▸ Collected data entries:
text \<open>Weighted Schur test: AM-GM with the weights \<open>R a b\<close> and \<open>R b a\<close> on each term, then symmetry
  of \<open>Q\<close> moves everything onto the diagonal.\<close>
lemma quadratic_form_le_weighted_row_sums:
  fixes Q R :: "'a \<Rightarrow> 'a \<Rightarrow> real" and x :: "'a \<Rightarrow> real"
  assumes "finite S"
    and sym: "\<And>a b. a \<in> S \<Longrightarrow> b \<in> S \<Longrightarrow> Q a b = Q b a"
    and nonneg: "\<And>a b. a \<in> S \<Longrightarrow> b \<in> S \<Longrightarrow> 0 \<le> Q a b"
    and weights: "\<And>a b. a \<in> S \<Longrightarrow> b \<in> S \<Longrightarrow> Q a b \<noteq> 0 \<Longrightarrow>
                    0 < R a b \<and> 0 < R b a \<and> 1 \<le> R a b * R b a"
  shows "(\<Sum>a\<in>S. \<Sum>b\<in>S. Q a b * (x a * x b)) \<le> (\<Sum>a\<in>S. x a ^ 2 * (\<Sum>b\<in>S. Q a b * R a b))"
proof -
  have "(\<Sum>a\<in>S. \<Sum>b\<in>S. Q a b * (x a * x b))
      \<le> (\<Sum>a\<in>S. \<Sum>b\<in>S. Q a b * R a b * x a ^ 2 / 2 + Q a b * R b a * x b ^ 2 / 2)"
  proof (intro sum_mono)
    fix a b assume ab: "a \<in> S" "b \<in> S"
    show "Q a b * (x a * x b) \<le> Q a b * R a b * x a ^ 2 / 2 + Q a b * R b a * x b ^ 2 / 2"
    proof (cases "Q a b = 0")
      case False
      then have "2 * x a * x b \<le> R a b * x a ^ 2 + R b a * x b ^ 2"
        using weights[OF ab] by (intro two_mult_le_weighted_squares) auto
      then have "Q a b * (2 * x a * x b) \<le> Q a b * (R a b * x a ^ 2 + R b a * x b ^ 2)"
        using nonneg[OF ab] by (rule mult_left_mono)
      then show ?thesis by (simp add: algebra_simps)
    qed simp
  qed
  also have "\<dots> = (\<Sum>a\<in>S. \<Sum>b\<in>S. Q a b * R a b * x a ^ 2 / 2)
                 + (\<Sum>b\<in>S. \<Sum>a\<in>S. Q b a * R b a * x b ^ 2 / 2)"
  proof -
    have "(\<Sum>a\<in>S. \<Sum>b\<in>S. Q a b * R b a * x b ^ 2 / 2) = (\<Sum>b\<in>S. \<Sum>a\<in>S. Q b a * R b a * x b ^ 2 / 2)"
      by (subst sum.swap) (simp add: sym cong: sum.cong)
    then show ?thesis by (simp add: sum.distrib)
  qed
  also have "\<dots> = (\<Sum>a\<in>S. \<Sum>b\<in>S. Q a b * R a b * x a ^ 2)"
    by (simp add: mult.assoc flip: sum.distrib)
  also have "\<dots> = (\<Sum>a\<in>S. x a ^ 2 * (\<Sum>b\<in>S. Q a b * R a b))"
    by (simp add: sum_distrib_left ac_simps)
  finally show ?thesis .
qed

lemma eigenvalue_norm_le_of_quadratic_form_bound:
  fixes A :: "complex mat"
  assumes A: "A \<in> carrier_mat n n" and ev: "eigenvalue A ev"
    and bound: "\<And>x. (\<And>i. 0 \<le> x i) \<Longrightarrow>
      (\<Sum>i<n. \<Sum>j<n. cmod (A $$ (i, j)) * (x i * x j)) \<le> c * (\<Sum>i<n. x i ^ 2)"
  shows "cmod ev \<le> c"
proof -
  obtain v where v: "v \<in> carrier_vec n" "v \<noteq> 0\<^sub>v n" "A *\<^sub>v v = ev \<cdot>\<^sub>v v"
    using ev A unfolding eigenvalue_def eigenvector_def by auto
  define x where "x i = cmod (v $ i)" for i
  define s where "s = (\<Sum>i<n. x i ^ 2)"
  have Av: "(A *\<^sub>v v) $ i = (\<Sum>j<n. A $$ (i, j) * v $ j)" if "i < n" for i
    using that A v(1) by (auto simp: scalar_prod_def atLeast0LessThan)
  have "ev * complex_of_real s = (\<Sum>i<n. cnj (v $ i) * (A *\<^sub>v v) $ i)"
    unfolding s_def of_real_sum sum_distrib_left x_def complex_norm_square
    by (intro sum.cong refl) (use v(1,3) in auto)
  also have "\<dots> = (\<Sum>i<n. \<Sum>j<n. cnj (v $ i) * A $$ (i, j) * v $ j)"
    by (simp add: Av sum_distrib_left mult.assoc)
  finally have quadratic_form: "ev * complex_of_real s = (\<Sum>i<n. \<Sum>j<n. cnj (v $ i) * A $$ (i, j) * v $ j)" .
  have "0 \<le> s" unfolding s_def by (simp add: sum_nonneg)
  then have "cmod ev * s = cmod (ev * complex_of_real s)" by (simp add: norm_mult)
  also have "\<dots> \<le> (\<Sum>i<n. \<Sum>j<n. cmod (cnj (v $ i) * A $$ (i, j) * v $ j))"
    unfolding quadratic_form by (intro order_trans[OF norm_sum] sum_mono norm_sum)
  also have "\<dots> = (\<Sum>i<n. \<Sum>j<n. cmod (A $$ (i, j)) * (x i * x j))"
    by (simp add: norm_mult x_def ac_simps)
  also have "\<dots> \<le> c * s"
    unfolding s_def by (rule bound) (simp add: x_def)
  finally have "cmod ev * s \<le> c * s" .
  moreover obtain i where "i < n" "v $ i \<noteq> 0"
    using v(1,2) by (metis carrier_vecD eq_vecI index_zero_vec(1,2))
  then have "0 < s"
    unfolding s_def by (intro sum_pos2[of _ i]) (auto simp: x_def)
  ultimately show ?thesis by (simp add: mult_le_cancel_right_pos)
qed

lemma lambda_max_le:
  assumes "A \<in> carrier_mat n n" "0 < n" "\<And>ev. eigenvalue A ev \<Longrightarrow> Re ev \<le> c"
  shows "lambda_max A \<le> c"
proof -
  have "{ev. eigenvalue A ev} = spectrum A" by (simp add: spectrum_def)
  then have "finite (Re ` {ev. eigenvalue A ev})" "Re ` {ev. eigenvalue A ev} \<noteq> {}"
    using card_finite_spectrum(1)[OF assms(1)] spectrum_non_empty[OF assms(1,2)] by auto
  then show ?thesis unfolding lambda_max_def using assms(3) by auto
qed

lemma less_two_power_iff_bits: "(a::nat) < 2 ^ N \<longleftrightarrow> (\<forall>i. bit a i \<longrightarrow> i < N)"
proof -
  have "a < 2 ^ N \<longleftrightarrow> take_bit N a = a" by (simp add: take_bit_nat_eq_self_iff)
  also have "\<dots> \<longleftrightarrow> (\<forall>i. bit a i \<longrightarrow> i < N)"
    by (auto simp: bit_eq_iff[of "take_bit N a" a] bit_take_bit_iff)
  finally show ?thesis .
qed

▸ TASK GOAL:
Write out, word for word, every line from the one containing "(simp add: take_bit_nat_eq_self_iff)" through the last line of the records above.

▸ RESPONSE TO THE TASK:
  have "a < 2 ^ N \<longleftrightarrow> take_bit N a = a" by (simp add: take_bit_nat_eq_self_iff)
  also have "\<dots> \<longleftrightarrow> (\<forall>i. bit a i \<longrightarrow> i < N)"
    by (auto simp: bit_eq_iff[of "take_bit N a" a] bit_take_bit_iff)
  finally show ?thesis .
qed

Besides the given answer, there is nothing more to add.